We included Matera on our visit to Puglia. It is actually in Basilicata, the province near Puglia. It was a short drive from Lecce, our favourite stop in Puglia.

Sassi are the habitations dug into the calcareous rock that lines the ravine created by the Gravina River. The sassi of Matera are found on the edges of the ravine and along the top of the ridge that form the town.

Matera is one of the oldest continuously inhabited settlements in the world. It has been in existence since prehistoric times. Cave houses are built on top of one another along narrow streets and alleys, forming courtyards and squares. There are 150 houses of worship carved out of the rock. It makes for an interesting place to visit.

By the early 1900s the town inhabitants were living in extreme poverty with illness brought on from unhealthy living conditions. They suffered from malaria, starvation, disease and malnutrition. In the 1950s the government forcefully relocated the 16,000 residents to more modern housing nearby.

The town was virtually abandoned until descendants were later encouraged to bring the town back to life. Few people actually wanted to live in old cave houses so they were turned into shops, cafes, bars, restaurants, hotels and art galleries and the tourists began to arrive.

Matera was named 2019 European Capital of Culture in Italy and since 1993 it has been on the World Heritage List.

When we arrived it was raining and the town looked a bit drab, so here is a photo from later when the sun came out. It is stunning!

We found our accommodation, Pietragialla, not far into town. Our charming host kindly drove us back up to the top of the new town where our car was parked and brought us back with our cases. We had our own terrace overlooking the town.

Once we had settled in we headed off to explore. We wandered up the hill via a series of laneways, steps and tunnels to the top to the area known as Civita, the oldest part of the settlement. This separates the town into 2 parts, Sasso Barisano and Sasso Caveoso.

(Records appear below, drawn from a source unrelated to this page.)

lemma abs_grid_inner_trinomial_le:
  assumes dx: "dx > 0" and he: "\<forall>k. \<bar>e k\<bar> \<le> R" and he': "\<forall>k. \<bar>e' k\<bar> \<le> R"
  shows "\<bar>grid_inner K dx \<tau> (trinomial e e')\<bar> \<le> (gnorm K dx \<tau>)^2 / 2 + 4 * R^2 * ((gnorm K dx e)^2 + (gnorm K dx e')^2)"
proof -
  have pointwise: "\<bar>\<tau> k * trinomial e e' k\<bar> \<le> (\<tau> k)^2 / 2 + 4 * R^2 * ((e k)^2 + (e' k)^2)" for k
  proof -
    have "\<bar>trinomial e e' k\<bar> \<le> \<bar>e' k\<bar> * \<bar>e' k\<bar> + \<bar>e' k\<bar> * \<bar>e k\<bar> + \<bar>e k\<bar> * \<bar>e k\<bar>"
      unfolding trinomial_def power2_eq_square abs_mult[symmetric] by (simp add: order_trans[OF abs_triangle_ineq])
    also have "\<dots> \<le> R * \<bar>e' k\<bar> + 2 * (R * \<bar>e k\<bar>)"
      using mult_right_mono[OF he'[rule_format, of k] abs_ge_zero, of "e' k"]
        mult_right_mono[OF he'[rule_format, of k] abs_ge_zero, of "e k"]
        mult_right_mono[OF he[rule_format, of k] abs_ge_zero, of "e k"]
      by linarith
    finally have "(trinomial e e' k)^2 \<le> (R * \<bar>e' k\<bar> + 2 * (R * \<bar>e k\<bar>))^2"
      by (metis abs_ge_zero power2_abs power_mono)
    also have "\<dots> \<le> 2 * ((R * \<bar>e' k\<bar>)^2 + (2 * (R * \<bar>e k\<bar>))^2)" by (rule power2_sum_le_twice)
    also have "\<dots> \<le> 8 * R^2 * ((e k)^2 + (e' k)^2)"
      using zero_le_power2[of "R * e' k"] by (simp add: power_mult_distrib algebra_simps)
    finally have "(trinomial e e' k)^2 \<le> 8 * R^2 * ((e k)^2 + (e' k)^2)" .
    moreover have "\<bar>\<tau> k * trinomial e e' k\<bar> \<le> ((\<tau> k)^2 + (trinomial e e' k)^2) / 2"
      using abs_mult_le_half_sum_squares by (simp add: abs_mult)
    ultimately show ?thesis unfolding distrib_left add_divide_distrib by linarith
  qed
  have "\<bar>grid_inner K dx \<tau> (trinomial e e')\<bar> = dx * \<bar>\<Sum>k=1..int K. \<tau> k * trinomial e e' k\<bar>"
    using dx by (simp add: grid_inner_def abs_mult)
  also have "\<dots> \<le> dx * (\<Sum>k=1..int K. (\<tau> k)^2 / 2 + 4 * R^2 * ((e k)^2 + (e' k)^2))"
    using dx by (intro mult_left_mono abs_sum_le_sum pointwise) auto
  also have "\<dots> = (gnorm K dx \<tau>)^2 / 2 + 4 * R^2 * ((gnorm K dx e)^2 + (gnorm K dx e')^2)"
    using dx by (simp add: gnorm_power2 sum.distrib sum_distrib_left sum_divide_distrib algebra_simps)
  finally show ?thesis .
qed

lemma trinomial_lin_split:
  "trinomial_lin V W e e' k = 3 * ((W k + V k) * ((e k + e' k) / 2)) + (W k - V k) * (e' k - e k) / 2"
  by (simp add: trinomial_lin_def field_simps)

lemma abs_grid_inner_dx2_dx1_trinomial_lin_le:
  fixes V W e e' :: "int \<Rightarrow> real"
  defines "f \<equiv> \<lambda>k. (e k + e' k) / 2"
  assumes pV: "periodic_grid K V" and pW: "periodic_grid K W"
    and pe: "periodic_grid K e" and pe': "periodic_grid K e'"
    and dx: "dx > 0" and dxL: "dx \<le> L" and B1: "B1 \<ge> 0" and B2: "B2 \<ge> 0" and c: "c \<ge> 0"
    and hV1: "\<forall>k. \<bar>V (k+1) - V k\<bar> \<le> B1 * dx" and hW1: "\<forall>k. \<bar>W (k+1) - W k\<bar> \<le> B1 * dx"
    and hV2: "\<forall>k. \<bar>V (k+1) - 2 * V k + V (k-1)\<bar> \<le> B2 * dx^2"
    and hW2: "\<forall>k. \<bar>W (k+1) - 2 * W k + W (k-1)\<bar> \<le> B2 * dx^2"
    and hWV: "\<forall>k. \<bar>W k - V k\<bar> \<le> c * dx^3"
  shows "\<bar>grid_inner K dx (dx2 dx f) (dx1 dx (trinomial_lin V W e e'))\<bar>
    \<le> (24 * (B1 + B2) + 3 * c * L) * ((h1norm K dx e)^2 + (h1norm K dx e')^2)"
proof -
  define P where "P = (\<lambda>k. W k + V k)"
  define z where "z = (\<lambda>k. (W k - V k) * (e' k - e k))"
  define H where "H = (h1norm K dx e)^2 + (h1norm K dx e')^2"
  have pP: "periodic_grid K P" using pV pW by (simp add: periodic_grid_def P_def)
  have pf: "periodic_grid K f" unfolding f_def by (rule periodic_grid_mid[OF pe pe'])
  have "dx1 dx (trinomial_lin V W e e') k = 3 * dx1 dx (\<lambda>j. P j * f j) k + dx1 dx z k / 2" for k
    using dx by (simp add: dx1_def trinomial_lin_split P_def f_def z_def field_simps)
  then have split: "grid_inner K dx (dx2 dx f) (dx1 dx (trinomial_lin V W e e'))
      = 3 * grid_inner K dx (dx2 dx f) (dx1 dx (\<lambda>j. P j * f j)) + grid_inner K dx (dx2 dx f) (dx1 dx z) / 2"
    by (simp add: grid_inner_def algebra_simps sum.distrib sum_distrib_left sum_divide_distrib)
  have "\<bar>P (k + 1) - P k\<bar> \<le> 2 * B1 * dx" for k
    using hW1[rule_format, of k] hV1[rule_format, of k] unfolding P_def abs_le_iff by linarith
  moreover have "\<bar>P (k + 1) - 2 * P k + P (k - 1)\<bar> \<le> 2 * B2 * dx^2" for k
    using hW2[rule_format, of k] hV2[rule_format, of k] unfolding P_def abs_le_iff mult.assoc distrib_left
    by linarith
  ultimately have smooth_part: "\<bar>grid_inner K dx (dx2 dx f) (dx1 dx (\<lambda>j. P j * f j))\<bar>
      \<le> (2 * B1 + 2 * B2) * (3 * (gnorm K dx (dxp dx f))^2 + (gnorm K dx f)^2)"
    using B1 B2 by (intro abs_grid_inner_dx2_dx1_mult_le[OF pP pf dx]) auto
  have "\<bar>z k\<bar> \<le> c * dx^3 * (\<bar>e k\<bar> + \<bar>e' k\<bar>)" for k
    unfolding z_def abs_mult using hWV abs_triangle_ineq4 by (intro mult_mono) auto
  then have small_part: "\<bar>grid_inner K dx (dx2 dx f) (dx1 dx z)\<bar>
      \<le> c * L * ((gnorm K dx (dxp dx f))^2 + 2 * (gnorm K dx e)^2 + 2 * (gnorm K dx e')^2)"
    by (intro abs_grid_inner_dx2_dx1_small_le[OF pf pe pe' dx dxL c]) simp
  have dx0: "dx \<ge> 0" using dx by simp
  have norms: "(gnorm K dx f)^2 \<le> H" "(gnorm K dx (dxp dx f))^2 \<le> H"
    "(gnorm K dx e)^2 \<le> H" "(gnorm K dx e')^2 \<le> H"
    using gnorm_mid_le_h1norm[OF dx0, of K e e', folded f_def] power2_le_h1norm_power2(1)[of K dx e]
      power2_le_h1norm_power2(1)[of K dx e'] zero_le_power2[of "h1norm K dx e"] zero_le_power2[of "h1norm K dx e'"]
    unfolding H_def by linarith+
  have "(2 * B1 + 2 * B2) * (3 * (gnorm K dx (dxp dx f))^2 + (gnorm K dx f)^2) \<le> (2 * B1 + 2 * B2) * (4 * H)"
    using norms B1 B2 by (intro mult_left_mono) auto
  moreover have "c * L * ((gnorm K dx (dxp dx f))^2 + 2 * (gnorm K dx e)^2 + 2 * (gnorm K dx e')^2) \<le> c * L * (5 * H)"
    using norms c dx dxL by (intro mult_left_mono) auto
  moreover have "0 \<le> c * L * H" using c dx dxL by (simp add: H_def)
  ultimately show ?thesis
    unfolding split H_def[symmetric] using smooth_part small_part by (simp add: algebra_simps)
qed

section \<open>The one-step energy estimate\<close>

definition energy_constant :: "real \<Rightarrow> real \<Rightarrow> real \<Rightarrow> real \<Rightarrow> real \<Rightarrow> real \<Rightarrow> real \<Rightarrow> real \<Rightarrow> real" where
  "energy_constant \<alpha> \<beta> r R B1 B2 c L = \<bar>\<alpha>\<bar> / 3 * (24 * (B1 + B2) + 3 * c * L)
     + \<alpha>^2 / (2 * \<bar>\<beta>\<bar>) * r * R + 4 * \<bar>\<alpha>\<bar> / (3 * \<bar>\<beta>\<bar>) * R^2 + 1"

lemma energy_constant_ge_1:
  assumes "r \<ge> 0" "R \<ge> 0" "B1 \<ge> 0" "B2 \<ge> 0" "c \<ge> 0" "L \<ge> 0"
  shows "energy_constant \<alpha> \<beta> r R B1 B2 c L \<ge> 1"
proof -
  have "0 \<le> \<bar>\<alpha>\<bar> / 3 * (24 * (B1 + B2) + 3 * c * L)" "0 \<le> \<alpha>^2 / (2 * \<bar>\<beta>\<bar>) * r * R"
    "0 \<le> 4 * \<bar>\<alpha>\<bar> / (3 * \<bar>\<beta>\<bar>) * R^2"
    using assms by (intro mult_nonneg_nonneg add_nonneg_nonneg; simp)+
  then show ?thesis unfolding energy_constant_def by linarith
qed

lemma scheme_error_energy_identity:
  fixes v w V W :: "int \<Rightarrow> real" and \<alpha> \<beta> dx dt :: real
  defines "e \<equiv> \<lambda>k. v k - V k" and "e' \<equiv> \<lambda>k. w k - W k"
  assumes dx: "dx > 0" and dt: "dt > 0" and \<beta>: "\<beta> \<noteq> 0"
    and pv: "periodic_grid K v" and pw: "periodic_grid K w"
    and pV: "periodic_grid K V" and pW: "periodic_grid K W"
    and sch: "scheme_step \<alpha> \<beta> dx dt v w"
  shows "((gnorm K dx (dxp dx e'))^2 - (gnorm K dx (dxp dx e))^2) / dt
      + (\<alpha> / (3*\<beta>) * (\<Sum>k=1..int K. (e' k)^3 * dx) - \<alpha> / (3*\<beta>) * (\<Sum>k=1..int K. (e k)^3 * dx)) / dt
    = \<alpha> / 3 * grid_inner K dx (dx2 dx (\<lambda>k. (e k + e' k) / 2)) (dx1 dx (trinomial_lin V W e e'))
      + \<alpha>^2 / (18*\<beta>) * grid_inner K dx (trinomial_lin V W e e') (dx1 dx (trinomial e e'))
      - \<alpha> / (3*\<beta>) * grid_inner K dx (scheme_residual \<alpha> \<beta> dx dt V W) (trinomial e e')
      - 2 * grid_inner K dx (dxp dx (scheme_residual \<alpha> \<beta> dx dt V W)) (dxp dx (\<lambda>k. (e k + e' k) / 2))"
proof (rule discrete_energy_identity[OF dx dt \<beta>])
  show "periodic_grid K e" "periodic_grid K e'" "periodic_grid K (trinomial_lin V W e e')"
    using pv pV pw pW by (simp_all add: periodic_grid_def e_def e'_def trinomial_lin_def)
  show "periodic_grid K (scheme_residual \<alpha> \<beta> dx dt V W)" by (rule periodic_grid_scheme_residual[OF pV pW])
qed (use scheme_error_equation[OF sch] in \<open>simp add: e_def e'_def\<close>)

At the top is the cathedral of Matera which dates from the 13th century. Its current appearance dates from the 18th century Baroque restoration, while many of the decorations feature biblical symbols dating from the Middle Ages.


After visiting the cathedral we wandered down the other side of the ridge into the Sasso Caveoso area.

San Giovanni in Monterrone and Santa Maria di Idris sit on top of a spur which rises from Sasso Caveoso. The 2 churches are carved out of the rock. Photos were not allowed inside. St Idris has been mentioned in documentations since the 14th century and has a system of cisterns and tanks used for water collection.

Nearby is the church San Pietro e Paolo al Caveoso, begun at the beginning of the 13th century. The facade has 3 portals in Baroque style, each one topped by a niche with a statue.

We walked along the street below the church. It offers great views of different aspects of Matera.

A selection of art dotted the area, including a few exhibits by Salvador Dali.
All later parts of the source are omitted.